At the heart of the report is the Social Mobility Index, which ranks all 324 local authorities in England in terms of their social mobility prospects for someone from a disadvantaged background. It uses a range of 16 indicators for every major life stage, from early years through to working lives, to map the nation’s social mobility hotspots and coldspots. A similar, but not comparable, approach is taken for Scotland and Wales.
The report debunks the assumption that a simple north/south divide exists. Instead, it suggests there is a postcode lottery with hotspots and coldspots found in almost every part of the country. London dominates the hotspots, while the East and West Midlands are the worst performing regions. The best-performing local authority area is Westminster and the worst-performing area is West Somerset.
The index finds that the worst-performing areas for social mobility are no longer inner city areas. But remote rural or coastal areas and former industrial areas, especially in the Midlands. Youngsters from disadvantaged backgrounds who live there face far higher barriers than those who grow up in cities and their surrounding areas – and in our working lives people face lower rates of pay, fewer top jobs and travel-to-work times nearly four times those of urban residents.
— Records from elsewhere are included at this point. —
lemma ennreal_diff_le_of_le_plus:
  fixes r s :: real
  assumes le: "ennreal r \<le> R + ennreal s" and "0 \<le> s"
  shows "ennreal (r - s) \<le> R"
proof (cases R)
  case (real q)
  moreover have "ennreal q + ennreal s = ennreal (q + s)" using real \<open>0 \<le> s\<close> by (simp add: ennreal_plus)
  ultimately have "ennreal r \<le> ennreal (q + s)" using le by simp
  then have "r \<le> q + s" using real \<open>0 \<le> s\<close> ennreal_le_iff[of "q + s" r] by simp
  then show ?thesis using real by (simp add: ennreal_leI)
qed simp

lemma ennreal_cost_plus_integral:
  assumes v: "v \<in> borel_measurable q" "\<And>y. 0 \<le> v y" and fin: "(\<integral>\<^sup>+ y. v y \<partial>q) < \<infinity>"
    and "0 \<le> c" "0 \<le> \<beta>"
  shows "ennreal (c + \<beta> * integral\<^sup>L q v) = ennreal c + ennreal \<beta> * (\<integral>\<^sup>+ y. v y \<partial>q)"
proof -
  have "integrable q v" using v fin by (intro integrableI_nonneg) auto
  then have "(\<integral>\<^sup>+ y. v y \<partial>q) = ennreal (integral\<^sup>L q v)"
    using v by (intro nn_integral_eq_integral) auto
  moreover have "0 \<le> integral\<^sup>L q v" using v by (intro integral_nonneg_AE) auto
  ultimately show ?thesis using assms by (simp add: ennreal_plus ennreal_mult)
qed

lemma nn_integral_le_weight:
  fixes V W :: "'x \<Rightarrow> real"
  assumes "\<And>y. V y \<le> K * W y" and "0 \<le> K" and "W \<in> borel_measurable q"
  shows "(\<integral>\<^sup>+ y. V y \<partial>q) \<le> ennreal K * (\<integral>\<^sup>+ y. W y \<partial>q)"
proof -
  have "(\<integral>\<^sup>+ y. V y \<partial>q) \<le> (\<integral>\<^sup>+ y. ennreal K * W y \<partial>q)"
    using assms(1,2) by (intro nn_integral_mono) (simp add: ennreal_mult'[symmetric] ennreal_leI)
  also have "\<dots> = ennreal K * (\<integral>\<^sup>+ y. W y \<partial>q)"
    using assms(3) by (intro nn_integral_cmult) measurable
  finally show ?thesis .
qed

lemma PoliciesD:
  assumes "\<pi> \<in> Policies A" and "A \<in> sets borel"
  shows "\<pi> x \<in> space (prob_algebra borel)" "sets (\<pi> x) = sets borel" "AE a in \<pi> x. a \<in> A"
proof -
  show sp: "\<pi> x \<in> space (prob_algebra borel)"
    using assms(1) measurable_space[of \<pi> borel "prob_algebra borel"] by (simp add: Policies_def)
  then show S: "sets (\<pi> x) = sets borel" by (simp add: space_prob_algebra)
  show "AE a in \<pi> x. a \<in> A"
    using sp S assms prob_space.AE_in_set_eq_1[of "\<pi> x" A]
    by (simp add: Policies_def space_prob_algebra measure_def)
qed

lemma return_in_Policies:
  assumes "f \<in> borel_measurable borel" "\<And>x. f x \<in> A" "A \<in> sets borel"
  shows "(\<lambda>x. return borel (f x)) \<in> Policies A"
  unfolding Policies_def
  using measurable_compose[OF assms(1) measurable_return_prob_space] assms(2,3)
  by (auto simp: emeasure_return)

lemma measurable_closest_point_extension:
  fixes A :: "'a::euclidean_space set"
  assumes h: "(\<lambda>(x, a, \<mu>). h x a \<mu>) \<in> M \<Otimes>\<^sub>M restrict_space borel A \<Otimes>\<^sub>M N \<rightarrow>\<^sub>M K"
    and \<mu>: "\<mu> \<in> space N" and A: "closed A" "convex A" "A \<noteq> {}"
  shows "(\<lambda>(x, a). h x (closest_point A a) \<mu>) \<in> M \<Otimes>\<^sub>M borel \<rightarrow>\<^sub>M K"
proof -
  have "closest_point A \<in> borel \<rightarrow>\<^sub>M restrict_space borel A"
    using A by (intro measurable_restrict_space2 borel_measurable_continuous_onI
        continuous_on_closest_point) (auto simp: closest_point_in_set)
  then have "(\<lambda>z. (fst z, closest_point A (snd z), \<mu>)) \<in> M \<Otimes>\<^sub>M borel \<rightarrow>\<^sub>M
      M \<Otimes>\<^sub>M restrict_space borel A \<Otimes>\<^sub>M N"
    using \<mu> by (intro measurable_Pair measurable_fst measurable_compose[OF measurable_snd]) auto
  from measurable_compose[OF this h] show ?thesis by (simp add: case_prod_beta)
qed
There is also no direct correlation between the affluence of an area and its ability to sustain high levels of social mobility. While richer areas tend to outperform deprived areas in the Index, a number of places buck the trend. Some of the most deprived areas in England are hotspots, including most London boroughs – such as Tower Hamlets, Hackney and Newham. Conversely, some affluent areas – such as West Berkshire, Cotswold and Crawley – are amongst the worst for offering good education, employment opportunities and affordable housing to their most disadvantaged residents.
The report highlights that local policies adopted by local authorities and employers can influence outcomes for disadvantaged residents. But it warns that there is a mindblowing inconsistency of practice in how to improve social mobility outcomes with little pooling of experience or evidence-based strategies.
The Rt Hon Alan Milburn, chair of the Social Mobility Commission, said: “The country seems to be in the grip of a self-reinforcing spiral of ever-growing division. That takes a spatial form, not just a social one. There is a stark social mobility lottery in Britain today.
“London and its hinterland are increasingly looking like a different country from the rest of Britain. It is moving ahead, as are many of our country’s great cities. But too many rural and coastal areas and the towns of Britain’s old industrial heartlands are being left behind economically and hollowed out socially.
“Tinkering around the edges will not do the trick. The analysis in this report substantiates the sense of political alienation and social resentment that so many parts of Britain feel. A new level of effort is needed to tackle the phenomenon of left-behind Britain. Overcoming the divisions that exist in Britain requires far more ambition and far bigger scale. A less divided Britain will require a more redistributive approach to spreading education, employment and housing prospects across our country.”